Нужны доноры

4.6 Аллергические и аутоиммунные конъюнктивиты

Весенний катар

Заболевание относится к аллергическим реакциям замедленного типа. Возникает при повышенной чувствительности к УФ-лучам.

Классификация

Выделяют конъюнктивальную (тарзальную, пальпебральную), лимбальную (весенний лимбит) и смешанную формы весеннего конъюнктивита, а также весенний кератоконъюнктивит, который, по данным Ю.Ф. Майчука, имеет различные клинические формы микропаннус, эпителиопатия роговицы, эрозия роговицы, точечный эпителиальный кератит, щитовидная язва роговицы и гиперкератоз роговицы.

Клинические признаки и симптомы

Заболевание дебютирует в раннем детском возрасте (4—5 лет), продолжается несколько лет, обостряясь в весенне-летний период.

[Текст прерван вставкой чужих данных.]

lemma unitary_extension_of_unit_vector:
  assumes v: "v \<in> carrier_vec n" and v1: "cvnorm v = 1"
  obtains W where "unitary_mat n W" "col W 0 = v"
proof -
  have v0: "v \<noteq> 0\<^sub>v n" using v1 by auto
  then have n: "0 < n" using v by (cases n) auto
  interpret cof_vec_space n "TYPE(complex)" .
  define b where "b = basis_completion v"
  from basis_completion[OF v v0, folded b_def]
  have b: "distinct b" "\<not> lin_dep (set b)" "set b \<subseteq> carrier_vec n" "length b = n" "hd b = v"
    by auto
  then obtain vs where bv: "b = v # vs" using n by (cases b) auto
  define ws where "ws = gram_schmidt n b"
  from gram_schmidt_result[OF b(3,1,2) ws_def]
  have ws: "set ws \<subseteq> carrier_vec n" "length ws = n" "corthogonal ws" using b(4) by auto
  have "ws ! 0 = hd ws" using ws(2) n by (intro hd_conv_nth[symmetric]) auto
  also have "\<dots> = v" using gram_schmidt_hd[OF v, of vs] bv ws_def by simp
  finally have "ws ! 0 = v" .
  then have "col (mat n n (\<lambda>(k, j). ws ! j $ k / complex_of_real (cvnorm (ws ! j)))) 0 = v"
    using v v1 n by (intro eq_vecI) auto
  with unitary_of_corthogonal[OF ws] show ?thesis using that by blast
qed

lemma unitary_conj_eigen_col:
  assumes A: "A \<in> carrier_mat n n" and W: "unitary_mat n W" and n: "0 < n"
    and eig: "A *\<^sub>v col W 0 = e \<cdot>\<^sub>v col W 0" and i: "i < n"
  shows "(adj W * A * W) $$ (i, 0) = (if i = 0 then e else 0)"
proof -
  note Wc = unitary_carrier[OF W]
  have "(adj W * A * W) $$ (i, 0) = (adj W *\<^sub>v (A *\<^sub>v col W 0)) $ i"
    using A Wc n i by (simp add: assoc_mult_mat[of _ n n _ n _ n] col_mult2 mult_mat_vec_def)
  also have "\<dots> = e * (adj W * W) $$ (i, 0)"
    unfolding eig using Wc n i by (simp add: mult_mat_vec_smult col_mult2[symmetric])
  finally show ?thesis using i n by (simp add: unitary_adj_mult[OF W])
qed

definition lift_mat :: "nat \<Rightarrow> complex mat \<Rightarrow> complex mat" where
  "lift_mat n V = mat (Suc n) (Suc n)
     (\<lambda>(i, j). if i = 0 \<or> j = 0 then of_bool (i = j) else V $$ (i - 1, j - 1))"

lemma lift_mat_carrier [simp]: "lift_mat n V \<in> carrier_mat (Suc n) (Suc n)"
  and lift_mat_dim [simp]: "dim_row (lift_mat n V) = Suc n" "dim_col (lift_mat n V) = Suc n"
  unfolding lift_mat_def by simp_all

lemma unitary_lift_mat:
  assumes V: "unitary_mat n V"
  shows "unitary_mat (Suc n) (lift_mat n V)"
proof -
  let ?L = "lift_mat n V"
  have "(adj ?L * ?L) $$ (i, j) = 1\<^sub>m (Suc n) $$ (i, j)" if i: "i < Suc n" and j: "j < Suc n" for i j
  proof -
    have "(adj ?L * ?L) $$ (i, j)
        = cnj (?L $$ (0, i)) * ?L $$ (0, j) + (\<Sum>k<n. cnj (?L $$ (Suc k, i)) * ?L $$ (Suc k, j))"
      unfolding adj_mult_index[OF lift_mat_carrier lift_mat_carrier i j] sum.lessThan_Suc_shift ..
    also have "\<dots> = 1\<^sub>m (Suc n) $$ (i, j)"
    proof (cases i; cases j)
      fix i' j' assume ij: "i = Suc i'" "j = Suc j'"
      have "(\<Sum>k<n. cnj (?L $$ (Suc k, i)) * ?L $$ (Suc k, j)) = (adj V * V) $$ (i', j')"
        using i j ij unitary_carrier[OF V] by (subst adj_mult_index[of _ n n]) (simp_all add: lift_mat_def)
      then show ?thesis using i j ij by (simp add: unitary_adj_mult[OF V] lift_mat_def)
    qed (use i j in \<open>auto simp: lift_mat_def\<close>)
    finally show ?thesis .
  qed
  then show ?thesis unfolding unitary_mat_def by (auto intro!: eq_matI)
qed

lemma lift_mat_diag:
  assumes V: "V \<in> carrier_mat n n" and B: "B \<in> carrier_mat (Suc n) (Suc n)"
    and col0: "\<And>i. i < Suc n \<Longrightarrow> B $$ (i, 0) = (if i = 0 then e else 0)"
    and row0: "\<And>j. j < Suc n \<Longrightarrow> B $$ (0, j) = (if j = 0 then e else 0)"
    and block: "\<And>i j. i < n \<Longrightarrow> j < n \<Longrightarrow> B $$ (Suc i, Suc j) = (V * mat_diag n g * adj V) $$ (i, j)"
  shows "B = lift_mat n V * mat_diag (Suc n) (\<lambda>k. if k = 0 then e else g (k - 1)) * adj (lift_mat n V)"
    (is "B = ?L * mat_diag (Suc n) ?g * adj ?L")
proof (rule eq_matI)
  fix i j assume "i < dim_row (?L * mat_diag (Suc n) ?g * adj ?L)" "j < dim_col (?L * mat_diag (Suc n) ?g * adj ?L)"
  then have i: "i < Suc n" and j: "j < Suc n" by auto
  have "(?L * mat_diag (Suc n) ?g * adj ?L) $$ (i, j)
      = ?L $$ (i, 0) * e * cnj (?L $$ (j, 0)) + (\<Sum>k<n. ?L $$ (i, Suc k) * g k * cnj (?L $$ (j, Suc k)))"
    unfolding unitary_diag_index[OF lift_mat_carrier i j] sum.lessThan_Suc_shift by simp
  also have "\<dots> = B $$ (i, j)"
  proof (cases i; cases j)
    fix i' j' assume ij: "i = Suc i'" "j = Suc j'"
    then have "i' < n" "j' < n" using i j by auto
    then show ?thesis
      using ij by (simp add: lift_mat_def block unitary_diag_index[OF V])
  qed (use i j col0 row0 in \<open>auto simp: lift_mat_def\<close>)
  finally show "B $$ (i, j) = (?L * mat_diag (Suc n) ?g * adj ?L) $$ (i, j)" ..
qed (use B in auto)

lemma hermitian_lower_block:
  assumes "hermitian_mat (Suc n) B"
  shows "hermitian_mat n (mat n n (\<lambda>(i, j). B $$ (Suc i, Suc j)))"
proof -
  have "B \<in> carrier_mat (Suc n) (Suc n)" "adj B = B" using assms unfolding hermitian_mat_def by auto
  then have "cnj (B $$ (Suc j, Suc i)) = B $$ (Suc i, Suc j)" if "i < n" "j < n" for i j
    using that by (metis Suc_mono adj_index carrier_matD)
  then show ?thesis unfolding hermitian_mat_def by (auto intro!: eq_matI)
qed

lemma unitary_conj_inverse:
  assumes W: "unitary_mat n W" and A: "A \<in> carrier_mat n n"
  shows "W * (adj W * A * W) * adj W = A"
proof -
  note Wc = unitary_carrier[OF W]
  have sq: "X * Y \<in> carrier_mat n n" if "X \<in> carrier_mat n n" "Y \<in> carrier_mat n n" for X Y :: "complex mat"
    using that by auto
  have "W * (adj W * A * W) * adj W = (W * adj W) * A * (W * adj W)"
    using Wc A by (simp add: sq assoc_mult_mat[of _ n n _ n _ n])
  then show ?thesis using A by (simp add: unitary_mult_adj[OF W])
qed

lemma hermitian_deflation:
  assumes A: "hermitian_mat (Suc n) A"
  obtains W e where "unitary_mat (Suc n) W" "hermitian_mat (Suc n) (adj W * A * W)"
    "\<And>i. i < Suc n \<Longrightarrow> (adj W * A * W) $$ (i, 0) = (if i = 0 then complex_of_real e else 0)"
    "\<And>j. j < Suc n \<Longrightarrow> (adj W * A * W) $$ (0, j) = (if j = 0 then complex_of_real e else 0)"
proof -
  have Ac: "A \<in> carrier_mat (Suc n) (Suc n)" using A by (simp add: hermitian_mat_def)
  obtain e v where v: "v \<in> carrier_vec (Suc n)" "cvnorm v = 1" and Av: "A *\<^sub>v v = e \<cdot>\<^sub>v v"
    using unit_eigenvector_exists[OF Ac] by blast
  obtain W where W: "unitary_mat (Suc n) W" and Wv: "col W 0 = v"
    using unitary_extension_of_unit_vector[OF v] by blast
  define B where "B = adj W * A * W"
  have hB: "hermitian_mat (Suc n) B" unfolding B_def by (rule hermitian_unitary_conj[OF A W])
  then have Bc: "B \<in> carrier_mat (Suc n) (Suc n)" and adjB: "adj B = B" by (auto simp: hermitian_mat_def)
  have col0: "B $$ (i, 0) = (if i = 0 then e else 0)" if "i < Suc n" for i
    unfolding B_def using unitary_conj_eigen_col[OF Ac W _ _ that] Av Wv by simp
  have row_col: "B $$ (0, j) = cnj (B $$ (j, 0))" if "j < Suc n" for j
    using Bc that by (metis adjB adj_index carrier_matD zero_less_Suc)
  have e: "e = complex_of_real (Re e)"
    using row_col[of 0] col0[of 0] by (simp add: complex_eq_iff)
  have "B $$ (0, j) = (if j = 0 then e else 0)" if "j < Suc n" for j
    using row_col[OF that] col0[OF that] e by (metis complex_cnj_complex_of_real complex_cnj_zero)
  with that[OF W hB[unfolded B_def]] col0 e show ?thesis unfolding B_def by metis
qed

theorem hermitian_unitary_diagonalization:
  assumes "hermitian_mat n A"
  shows "\<exists>U \<mu>. unitary_mat n U \<and> A = U * mat_diag n (\<lambda>k. complex_of_real (\<mu> k)) * adj U"
  using assms
proof (induction n arbitrary: A)
  case 0
  then have "A \<in> carrier_mat 0 0" by (simp add: hermitian_mat_def)
  then show ?case by (intro exI[of _ "1\<^sub>m 0"]) (auto simp: unitary_mat_def intro!: eq_matI)
next
  case (Suc n)
  obtain W e where W: "unitary_mat (Suc n) W" and hB: "hermitian_mat (Suc n) (adj W * A * W)"
    and col0: "\<And>i. i < Suc n \<Longrightarrow> (adj W * A * W) $$ (i, 0) = (if i = 0 then complex_of_real e else 0)"
    and row0: "\<And>j. j < Suc n \<Longrightarrow> (adj W * A * W) $$ (0, j) = (if j = 0 then complex_of_real e else 0)"
    using hermitian_deflation[OF Suc.prems] by blast
  let ?B = "adj W * A * W"
  obtain V \<mu>' where V: "unitary_mat n V"
    and block: "mat n n (\<lambda>(i, j). ?B $$ (Suc i, Suc j)) = V * mat_diag n (\<lambda>k. complex_of_real (\<mu>' k)) * adj V"
    using Suc.IH[OF hermitian_lower_block[OF hB]] by blast
  define \<mu> where "\<mu> k = (if k = 0 then e else \<mu>' (k - 1))" for k
  have "(\<lambda>k. if k = 0 then complex_of_real e else complex_of_real (\<mu>' (k - 1))) = (\<lambda>k. complex_of_real (\<mu> k))"
    by (auto simp: \<mu>_def)
  with lift_mat_diag[OF unitary_carrier[OF V] _ col0 row0, of "\<lambda>k. complex_of_real (\<mu>' k)"] block hB
  have B: "?B = lift_mat n V * mat_diag (Suc n) (\<lambda>k. complex_of_real (\<mu> k)) * adj (lift_mat n V)"
    unfolding hermitian_mat_def by (metis (no_types, lifting) index_mat(1) prod.simps(2))
  have sq: "X * Y \<in> carrier_mat (Suc n) (Suc n)"
    if "X \<in> carrier_mat (Suc n) (Suc n)" "Y \<in> carrier_mat (Suc n) (Suc n)" for X Y :: "complex mat"
    using that by auto
  have "A = W * ?B * adj W"
    using Suc.prems by (intro unitary_conj_inverse[OF W, symmetric]) (simp add: hermitian_mat_def)
  also have "\<dots> = (W * lift_mat n V) * mat_diag (Suc n) (\<lambda>k. complex_of_real (\<mu> k)) * adj (W * lift_mat n V)"
    unfolding B using unitary_carrier[OF W]
    by (simp add: sq adj_mult[of _ "Suc n" "Suc n" _ "Suc n"] assoc_mult_mat[of _ "Suc n" "Suc n" _ "Suc n" _ "Suc n"])
  finally show ?case using unitary_mult[OF W unitary_lift_mat[OF V]] by blast
qed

В период полового созревания наблюдается полный регресс симптомов. Наиболее часто заболевание возникает у лиц мужского пола. В редких случаях оно может начинаться после периода полового созревания. В этом случае оно встречается с одинаковой частотой у лиц обоего пола. В странах с более жарким климатом заболевание встречается чаще.

Для конъюнктивальной формы характерно образование на конъюнктиве верхнего века сосочковых разрастаний в виде «булыжной мостовой», конъюнктива утолщена, матовая, бледная (молочного цвета) (рис. 32). На поверхности конъюнктивы определяется нитеобразное вязкое отделяемое. Другие отделы конъюнктивы воспалительный процесс не затрагивает.

Для лимбальной формы характерно разрастание прелимбальной ткани, которая образует желатинозного вида валик желто-серого или розово-серого цвета. Новообразованная ткань может нарастать на зону лимба и даже роговицы. Поверхность ее неровная, блестящая, с выступающими белыми точками (пятна Трантаса), которые состоят из эозинофилов и измененных эпителиоцитов. В период регрессии заболевания в этой зоне появляются углубления (ямки Трантаса).

При смешанной форме наблюдается одновременное поражение тарзальной конъюнктивы и зоны лимба.

Изменение роговицы возникает на фоне тяжелых поражений конъюнктивы верхнего века и сопровождается снижением зрения.

Клинические рекомендации

Для уменьшения воздействия УФ-лучей целесообразно использовать солнцезащитные очки, в дневное время суток уменьшать время нахождения на солнце. Иногда прибегают к смене климатической зоны.

В конъюнктивальный мешок закапывают 3-4 р/сут растворы ГКС, на ночь закладывают мазь:

  • дексаметазона 0,1% р-р и мазь (Максидекс);
  • гидрокортизона 0,5, 1 и 2,5% мазь (Гидрокортизон ПОС)

Учитывая, что при длительной терапии ГКС возможно развитие побочных эффектов, следует использовать более низкие концентрации дексаметазона (0,01-0,05%), которые изготовляют ex temporae.

Для уменьшения дозы ГКС применяют стабилизаторы мембран тучных клеток и антигистаминные препараты: кромогликата натрия 2% р-р (Лекролин); лодоксамида 0,1% р-р (Аломид); ацеластина 0,05% р-р (Аллергодил).

Применяют системную десенсибилизирующую терапию в течение 7-10 дней.

Внутрь:

  • лоратадин (Кларитин, таблетки по 10 мг) взрослым и детям старше 12 лет по 10 мг 1 р/сут, детям 2-12 лет по 5 мг 1 р/сут.